[swift-evolution] Proposal: Split extensions into implementing methods and adding static functions Was: [swift-evolution-announce] [Review] SE-0164: Remove final support in protocol extensions

Xiaodi Wu xiaodi.wu at gmail.com
Wed May 3 04:00:55 CDT 2017

Well, the revised integer protocols that were just approved do just that:
some functions are defaults and others cannot be overridden. Smart shifts,
for example, are deliberately not customization points. This is also the
case for Equatable: you get to define ==, but != is not a protocol
requirement and cannot be overridden.
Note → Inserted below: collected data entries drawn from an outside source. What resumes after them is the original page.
lemma hibi_gen_prod_eq_Frobenius_multiple:
  assumes "finite P" and Is: "set Is \<subseteq> poset_ideals P" and "1 \<le> Q"
    and bound: "(rank_star P + 2) * (Q - 1) + 1 \<le> length Is"
  shows "\<exists>I Ls. I \<in> poset_ideals P \<and> set Ls \<subseteq> poset_ideals P
    \<and> (hibi_gen_prod Is :: ('a::order, 'k::comm_ring_1) mpoly) = hibi_gen_prod Ls * hibi_gen I ^ Q"
proof -
  define c where "c x = length (filter (\<lambda>J. x \<in> J) Is)" for x
  interpret antitone_weight P c "length Is" Q
    unfolding c_def by (rule antitone_weight_count[OF assms(1,2,3)])
  obtain I where "I \<in> poset_ideals P" and I: "(\<forall>x\<in>I. Q \<le> c x) \<and> (\<forall>x\<in>P - I. c x + Q \<le> length Is)
     \<and> (\<forall>x\<in>P. \<forall>y\<in>P. x \<le> y \<longrightarrow> c y - (if y \<in> I then Q else 0) \<le> c x - (if x \<in> I then Q else 0))"
    using exists_ideal_lowering_weight[OF bound] by (rule bexE)
  define Ls where "Ls = level_sets P (\<lambda>x. c x - (if x \<in> I then Q else 0)) (length Is - Q)"
  have "I \<subseteq> P" using \<open>I \<in> poset_ideals P\<close> by (simp add: poset_ideals_def)
  have "Q \<le> length Is" using rank_bound_ge[OF bound] \<open>1 \<le> Q\<close> by linarith
  have bounded: "c x - (if x \<in> I then Q else 0) \<le> length Is - Q" if "x \<in> P" for x
  proof -
    have "c x \<le> length Is" by (simp add: c_def)
    moreover have "x \<notin> I \<Longrightarrow> c x + Q \<le> length Is" using I that by blast
    ultimately show ?thesis by auto
  qed
  have "(hibi_gen_prod Is :: ('a, 'k) mpoly) = hibi_gen_prod Ls * hibi_gen I ^ Q"
    unfolding Ls_def c_def
    by (rule hibi_gen_prod_factor[OF \<open>finite P\<close> Is \<open>I \<subseteq> P\<close> \<open>Q \<le> length Is\<close>])
      (use I bounded in \<open>simp_all add: c_def\<close>)
  moreover have "set Ls \<subseteq> poset_ideals P"
    unfolding Ls_def using I by (intro level_sets_poset_ideals) blast
  ultimately show ?thesis using \<open>I \<in> poset_ideals P\<close> by blast
qed

lemma monom_in_frob_pow:
  assumes "finite P" and "set Is \<subseteq> poset_ideals P" and "1 \<le> Q"
    and "(rank_star P + 2) * (Q - 1) + 1 \<le> length Is"
  shows "(Poly_Mapping.single 0 a * hibi_gen_prod Is :: ('a::order, 'k::field) mpoly)
    \<in> frob_pow (hibi_ring P) (hibi_max P) Q"
proof -
  obtain I Ls where "I \<in> poset_ideals P" "set Ls \<subseteq> poset_ideals P"
    and factor: "(hibi_gen_prod Is :: ('a, 'k) mpoly) = hibi_gen_prod Ls * hibi_gen I ^ Q"
    using hibi_gen_prod_eq_Frobenius_multiple[OF assms] by blast
  have "Poly_Mapping.single 0 a * hibi_gen_prod Ls \<in> hibi_ring P"
    using \<open>set Ls \<subseteq> poset_ideals P\<close>
    by (intro hibi_ring.mult hibi_ring.const hibi_gen_prod_in_hibi_ring)
  moreover have "hibi_gen I ^ Q \<in> {x ^ Q | x. x \<in> hibi_max P}"
    using hibi_gen_in_hibi_max[OF \<open>I \<in> poset_ideals P\<close>] by blast
  ultimately have "Poly_Mapping.single 0 a * hibi_gen_prod Ls * hibi_gen I ^ Q
      \<in> frob_pow (hibi_ring P) (hibi_max P) Q"
    unfolding frob_pow_def by (rule ideal_span.smult)
  then show ?thesis by (simp add: factor mult.assoc)
qed

lemma hibi_span_subset_frob_pow:
  assumes "finite P" "1 \<le> Q" "(rank_star P + 2) * (Q - 1) + 1 \<le> s"
  shows "hibi_span P s \<subseteq> (frob_pow (hibi_ring P) (hibi_max P) Q :: ('a::order, 'k::field) mpoly set)"
proof
  fix f :: "('a, 'k) mpoly"
  assume "f \<in> hibi_span P s"
  then show "f \<in> frob_pow (hibi_ring P) (hibi_max P) Q"
  proof (induction f rule: hibi_span.induct)
    case (monom Is a)
    then have "set Is \<subseteq> poset_ideals P" "(rank_star P + 2) * (Q - 1) + 1 \<le> length Is"
      using assms(3) by auto
    then show ?case by (rule monom_in_frob_pow[OF assms(1) _ assms(2)])
  qed (simp_all add: frob_pow_def ideal_span.zero ideal_span.add)
qed

lemma ideal_span_mult_left:
  assumes mult: "\<And>a b. a \<in> R \<Longrightarrow> b \<in> R \<Longrightarrow> a * b \<in> R" and "r \<in> R"
  shows "y \<in> ideal_span R S \<Longrightarrow> r * y \<in> ideal_span R S"
proof (induction y rule: ideal_span.induct)
  case (smult r' t)
  then have "(r * r') * t \<in> ideal_span R S" using mult \<open>r \<in> R\<close> by (simp add: ideal_span.smult)
  then show ?case by (simp add: mult.assoc)
qed (simp_all add: ideal_span.zero distrib_left ideal_span.add)
lemma unitary_op_norm2_diff:
  assumes U: "unitary_op U" and "sq_summable \<psi>" "sq_summable \<phi>"
  shows "norm2 (\<lambda>k. U \<psi> k - U \<phi> k) = norm2 (\<lambda>k. \<psi> k - \<phi> k)"
proof -
  have "U (\<lambda>k. 1 * \<psi> k + (-1) * \<phi> k) = (\<lambda>k. 1 * U \<psi> k + (-1) * U \<phi> k)"
    using U assms unfolding unitary_op_def by blast
  then have "(\<lambda>k. U \<psi> k - U \<phi> k) = U (\<lambda>k. \<psi> k - \<phi> k)"
    by simp
  then show ?thesis
    using U sq_summable_diff[OF assms(2,3)] unfolding unitary_op_def by simp
qed

section \<open>The hybrid argument\<close>

lemma cmod_sign_diff_sq_le:
  fixes a b :: complex
  shows "(cmod ((if p then - a else a) - (if q then - b else b)))\<^sup>2
     \<le> (cmod (a - b))\<^sup>2 + 4 * (if p \<noteq> q then cmod a * cmod b else 0)"
proof (cases "p = q")
  case True
  then show ?thesis by (auto simp: norm_minus_commute)
next
  case False
  then have "cmod ((if p then - a else a) - (if q then - b else b)) = cmod (a + b)"
    by (auto simp: norm_minus_commute add.commute)
  moreover have "(cmod (a + b))\<^sup>2 \<le> (cmod a + cmod b)\<^sup>2"
    by (simp add: power_mono norm_triangle_ineq)
  moreover have "(cmod a - cmod b)\<^sup>2 \<le> (cmod (a - b))\<^sup>2"
    by (metis abs_ge_zero norm_triangle_ineq3 power2_abs power_mono)
  moreover have "(cmod a + cmod b)\<^sup>2 = (cmod a - cmod b)\<^sup>2 + 4 * (cmod a * cmod b)"
    by (simp add: power2_sum power2_diff)
  ultimately show ?thesis using False by simp
qed

definition flip_overlap :: "(qstate \<Rightarrow> qstate) \<Rightarrow> nat \<Rightarrow> (nat \<Rightarrow> real) \<Rightarrow> (nat \<Rightarrow> real) \<Rightarrow> nat \<Rightarrow> real" where
  "flip_overlap U N x y t = infsum (\<lambda>k. if oracle_flips N x k \<noteq> oracle_flips N y k
     then cmod (final_state U t N x k) * cmod (final_state U t N y k) else 0) UNIV"

lemma norm2_diff_final_state_Suc_le:
  assumes U: "unitary_op U"
  shows "norm2 (\<lambda>k. final_state U (Suc t) N x k - final_state U (Suc t) N y k)
     \<le> norm2 (\<lambda>k. final_state U t N x k - final_state U t N y k) + 4 * flip_overlap U N x y t"
proof -
  let ?a = "final_state U t N x" and ?b = "final_state U t N y"
  let ?flip = "\<lambda>k. if oracle_flips N x k \<noteq> oracle_flips N y k then cmod (?a k) * cmod (?b k) else 0"
  have sa: "sq_summable ?a" and sb: "sq_summable ?b"
    using U by (rule sq_summable_final_state)+
  have diff: "(\<lambda>k. (cmod (?a k - ?b k))\<^sup>2) summable_on UNIV"
    using sq_summable_diff[OF sa sb] by (simp add: sq_summable_def)
  have flip: "?flip summable_on UNIV"
    using summable_on_if_nonneg[OF summable_on_cmod_mult[OF sa sb]] by simp
  have "norm2 (\<lambda>k. final_state U (Suc t) N x k - final_state U (Suc t) N y k)
      = norm2 (\<lambda>k. cmp_oracle N x ?a k - cmp_oracle N y ?b k)"
    unfolding final_state_Suc
    using U sq_summable_cmp_oracle[OF sa] sq_summable_cmp_oracle[OF sb] by (rule unitary_op_norm2_diff)
  also have "\<dots> \<le> infsum (\<lambda>k. (cmod (?a k - ?b k))\<^sup>2 + 4 * ?flip k) UNIV"
    unfolding norm2_def
  proof (rule infsum_mono)
    show "(\<lambda>k. (cmod (cmp_oracle N x ?a k - cmp_oracle N y ?b k))\<^sup>2) summable_on UNIV"
      using sq_summable_diff[OF sq_summable_cmp_oracle[OF sa] sq_summable_cmp_oracle[OF sb]]
      by (simp add: sq_summable_def)
    show "(\<lambda>k. (cmod (?a k - ?b k))\<^sup>2 + 4 * ?flip k) summable_on UNIV"
      using diff flip by (intro summable_on_add summable_on_cmult_right)
  qed (unfold cmp_oracle_eq, rule cmod_sign_diff_sq_le)
  also have "\<dots> = norm2 (\<lambda>k. ?a k - ?b k) + 4 * flip_overlap U N x y t"
    using diff flip summable_on_cmult_right[OF flip]
    by (simp add: infsum_add infsum_cmult_right norm2_def flip_overlap_def)
  finally show ?thesis .
qed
A very long list of algorithms on
Sequence and Collection are also implemented in this way (contains,
elementsEqual, enumerated, first, flatMap, lexicographicallyPrecedes, min,
max, reduce, reversed, sorted...). So, at least equatables, numbers,
sequences, and collections depend on this design--I'd call that pervasive.
And these are just the protocols I've worked with in the last two days; I
haven't even looked at the documentation for others.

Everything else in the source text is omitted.